Task brief.
Please copy every line of the data in which the string "times" appears.

The records below:

lemma fs_rel_iff_fs_emb:
  assumes proj: "cons_projections I leI M R proj"
    and proj_inverse: "\<And>i i' a' a. i \<in> I \<Longrightarrow> i' \<in> I \<Longrightarrow> leI i i' \<Longrightarrow> a' \<in> M i' \<Longrightarrow> a \<in> M i \<Longrightarrow>
      R i' i a' a \<longleftrightarrow> R i i (proj i' i a') a"
    and emb: "cons_embeddings J leJ N S emb"
    and emb_direct: "\<And>j j' b' b. j \<in> J \<Longrightarrow> j' \<in> J \<Longrightarrow> leJ j j' \<Longrightarrow> b' \<in> N j' \<Longrightarrow> b \<in> N j \<Longrightarrow>
      S j' j b' b \<longleftrightarrow> S j' j' b' (emb j j' b)"
    and idx: "i \<in> I" "i' \<in> I" "j \<in> J" "j' \<in> J" "leI i i'" "leJ j j'"
    and states: "f' \<in> F (i', j')" "f \<in> F (i, j)"
  shows "RF (i', j') (i, j) f' f \<longleftrightarrow> RF (i', j') (i', j') f' (fs_emb M proj emb (i, j) (i', j') f)"
proof -
  have \<psi>: "M.state_map i' i (proj i' i)" and \<phi>: "N.state_map j j' (emb j j')"
    using M.cons_projections_state_map[OF proj] N.cons_embeddings_state_map[OF emb] idx by blast+
  have emb_f: "fs_emb M proj emb (i, j) (i', j') f \<in> F (i', j')"
    using restrict_comp_in_fs_states[OF states(2) \<psi> \<phi>] by simp
  show ?thesis
  proof
    assume f'f: "RF (i', j') (i, j) f' f"
    show "RF (i', j') (i', j') f' (fs_emb M proj emb (i, j) (i', j') f)"
    proof (rule fs_relI)
      fix a' a assume "R i' i' a' a"
      then have "a' \<in> M i'" "a \<in> M i'" "R i i (proj i' i a') (proj i' i a)" "proj i' i a \<in> M i"
        using M.rel_dom \<psi> unfolding rel_hom_def by blast+
      then have "S j' j (f' a') (f (proj i' i a))"
        using proj_inverse idx fs_relD[OF f'f] by blast
      then show "S j' j' (f' a') (fs_emb M proj emb (i, j) (i', j') f a)"
        using emb_direct idx fs_states_apply states \<open>a' \<in> M i'\<close> \<open>a \<in> M i'\<close> \<open>proj i' i a \<in> M i\<close> by simp
    qed (use idx states emb_f M.le_refl N.le_refl in auto)
  next
    assume f'_emb_f: "RF (i', j') (i', j') f' (fs_emb M proj emb (i, j) (i', j') f)"
    show "RF (i', j') (i, j) f' f"
    proof (rule fs_relI)
      fix a' a assume "R i' i a' a"
      then have "a' \<in> M i'" "a \<in> M i" "R i i (proj i' i a') a" "proj i' i a' \<in> M i"
        using M.rel_dom proj_inverse \<psi> idx unfolding rel_hom_def by blast+
      then have "S j' j' (emb j j' (f (proj i' i a'))) (emb j j' (f a))"
        using fs_states_rel[OF states(2)] \<phi> fs_states_apply[OF states(2)] unfolding rel_hom_def by blast
      moreover have "S j' j' (f' a') (emb j j' (f (proj i' i a')))"
        using fs_relD[OF f'_emb_f M.rel_refl[OF idx(2) \<open>a' \<in> M i'\<close>]] \<open>a' \<in> M i'\<close> by simp
      ultimately show "S j' j (f' a') (f a)"
        using N.rel_trans emb_direct idx fs_states_apply states \<open>a' \<in> M i'\<close> \<open>a \<in> M i\<close> by blast
    qed (use idx states in auto)
  qed
qed

lemma fs_rel_iff_fs_proj:
  assumes emb: "cons_embeddings I leI M R emb"
    and emb_direct: "\<And>i i' a' a. i \<in> I \<Longrightarrow> i' \<in> I \<Longrightarrow> leI i i' \<Longrightarrow> a' \<in> M i' \<Longrightarrow> a \<in> M i \<Longrightarrow>
      R i' i a' a \<longleftrightarrow> R i' i' a' (emb i i' a)"
    and proj: "cons_projections J leJ N S proj"
    and proj_inverse: "\<And>j j' b' b. j \<in> J \<Longrightarrow> j' \<in> J \<Longrightarrow> leJ j j' \<Longrightarrow> b' \<in> N j' \<Longrightarrow> b \<in> N j \<Longrightarrow>
      S j' j b' b \<longleftrightarrow> S j j (proj j' j b') b"
    and idx: "i \<in> I" "i' \<in> I" "j \<in> J" "j' \<in> J" "leI i i'" "leJ j j'"
    and states: "f' \<in> F (i', j')" "f \<in> F (i, j)"
  shows "RF (i', j') (i, j) f' f \<longleftrightarrow> RF (i, j) (i, j) (fs_proj M emb proj (i', j') (i, j) f') f"
proof -
  have \<psi>: "M.state_map i i' (emb i i')" and \<phi>: "N.state_map j' j (proj j' j)"
    using M.cons_embeddings_state_map[OF emb] N.cons_projections_state_map[OF proj] idx by blast+
  have proj_f': "fs_proj M emb proj (i', j') (i, j) f' \<in> F (i, j)"
    using restrict_comp_in_fs_states[OF states(1) \<psi> \<phi>] by simp
  show ?thesis
  proof
    assume f'f: "RF (i', j') (i, j) f' f"
    show "RF (i, j) (i, j) (fs_proj M emb proj (i', j') (i, j) f') f"
    proof (rule fs_relI)
      fix a' a assume "R i i a' a"
      then have "a' \<in> M i" "a \<in> M i" "R i' i' (emb i i' a') (emb i i' a)" "emb i i' a' \<in> M i'"
        using M.rel_dom \<psi> unfolding rel_hom_def by blast+
      then have "S j' j (f' (emb i i' a')) (f a)"
        using emb_direct idx fs_relD[OF f'f] by blast
      then show "S j j (fs_proj M emb proj (i', j') (i, j) f' a') (f a)"
        using proj_inverse idx fs_states_apply states \<open>a' \<in> M i\<close> \<open>a \<in> M i\<close> \<open>emb i i' a' \<in> M i'\<close> by simp
    qed (use idx states proj_f' M.le_refl N.le_refl in auto)
  next
    assume proj_f'_f: "RF (i, j) (i, j) (fs_proj M emb proj (i', j') (i, j) f') f"
    show "RF (i', j') (i, j) f' f"
    proof (rule fs_relI)
      fix a' a assume "R i' i a' a"
      then have "a' \<in> M i'" "a \<in> M i" "R i' i' a' (emb i i' a)" "emb i i' a \<in> M i'"
        using M.rel_dom emb_direct \<psi> idx unfolding rel_hom_def by blast+
      then have "S j j (proj j' j (f' a')) (proj j' j (f' (emb i i' a)))"
        using fs_states_rel[OF states(1)] \<phi> fs_states_apply[OF states(1)] unfolding rel_hom_def by blast
      moreover have "S j j (proj j' j (f' (emb i i' a))) (f a)"
        using fs_relD[OF proj_f'_f M.rel_refl[OF idx(1) \<open>a \<in> M i\<close>]] \<open>a \<in> M i\<close> by simp
      ultimately show "S j' j (f' a') (f a)"
        using N.rel_trans proj_inverse idx fs_states_apply states \<open>a' \<in> M i'\<close> \<open>a \<in> M i\<close> by blast
    qed (use idx states in auto)
  qed
qed

end

text \<open>The assumption is discharged by \<open>prefactor_system_fs\<close>; the locale makes the lemmas on
  prefactor systems available for the function space itself.\<close>

locale prefactor_fun_space = fun_space +
  assumes prefactor_system_fs: "prefactor_system (I \<times> J) (fs_le leI leJ)
    (fs_states I leI M R J leJ N S) (fs_rel I leI M R J leJ N S)"
begin

sublocale F: prefactor "I \<times> J" LE F RF
  by (rule prefactor.intro, rule prefactor_system_fs)

lemma cons_embeddings_fs_emb:
  assumes proj: "cons_projections I leI M R proj" and emb: "cons_embeddings J leJ N S emb"
  shows "cons_embeddings (I \<times> J) LE F RF (fs_emb M proj emb)"
  unfolding F.cons_embeddings_iff split_paired_Ball_Sigma fs_le_Pair fs_emb.simps
proof (intro conjI ballI impI)
  fix i j i' j' assume "i \<in> I" "j \<in> J" "i' \<in> I" "j' \<in> J" "leI i i' \<and> leJ j j'"
  then show "rel_hom (F (i, j)) (RF (i, j) (i, j)) (F (i', j')) (RF (i', j') (i', j'))
      (\<lambda>f. \<lambda>a\<in>M i'. emb j j' (f (proj i' i a)))"
    using rel_hom_restrict_comp M.cons_projections_state_map[OF proj] N.cons_embeddings_state_map[OF emb]
    by blast
next
  fix i j f assume "i \<in> I" "j \<in> J" "f \<in> F (i, j)"
  then show "RF (i, j) (i, j) (\<lambda>a\<in>M i. emb j j (f (proj i i a))) f"
    using proj emb M.le_refl N.le_refl unfolding M.cons_projections_iff N.cons_embeddings_iff
    by (intro fs_rel_restrict_comp_id) auto
next
  fix i j i' j' i'' j'' f
  assume "i \<in> I" "j \<in> J" "i' \<in> I" "j' \<in> J" "i'' \<in> I" "j'' \<in> J"
    "(leI i i' \<and> leJ j j') \<and> leI i' i'' \<and> leJ j' j''" "f \<in> F (i, j)"
  moreover from this have "leI i i''" "leJ j j''"
    using M.le_trans N.le_trans by blast+
  ultimately show "RF (i'', j'') (i'', j'')
      (\<lambda>a\<in>M i''. emb j' j'' ((\<lambda>a\<in>M i'. emb j j' (f (proj i' i a))) (proj i'' i' a)))
      (\<lambda>a\<in>M i''. emb j j'' (f (proj i'' i a)))"
    using proj emb unfolding M.cons_projections_iff N.cons_embeddings_iff
    by (intro fs_rel_restrict_comp_restrict[where i = i and j = j and \<psi>\<^sub>1 = "proj i' i" and \<psi>\<^sub>2 = "proj i'' i'"
          and \<psi>\<^sub>3 = "proj i'' i" and \<phi>\<^sub>1 = "emb j j'" and \<phi>\<^sub>2 = "emb j' j''" and \<phi>\<^sub>3 = "emb j j''"]) auto
qed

End of The records.

Task solution.
  assumes prefactor_system_fs: "prefactor_system (I \<times> J) (fs_le leI leJ)
sublocale F: prefactor "I \<times> J" LE F RF
  shows "cons_embeddings (I \<times> J) LE F RF (fs_emb M proj emb)"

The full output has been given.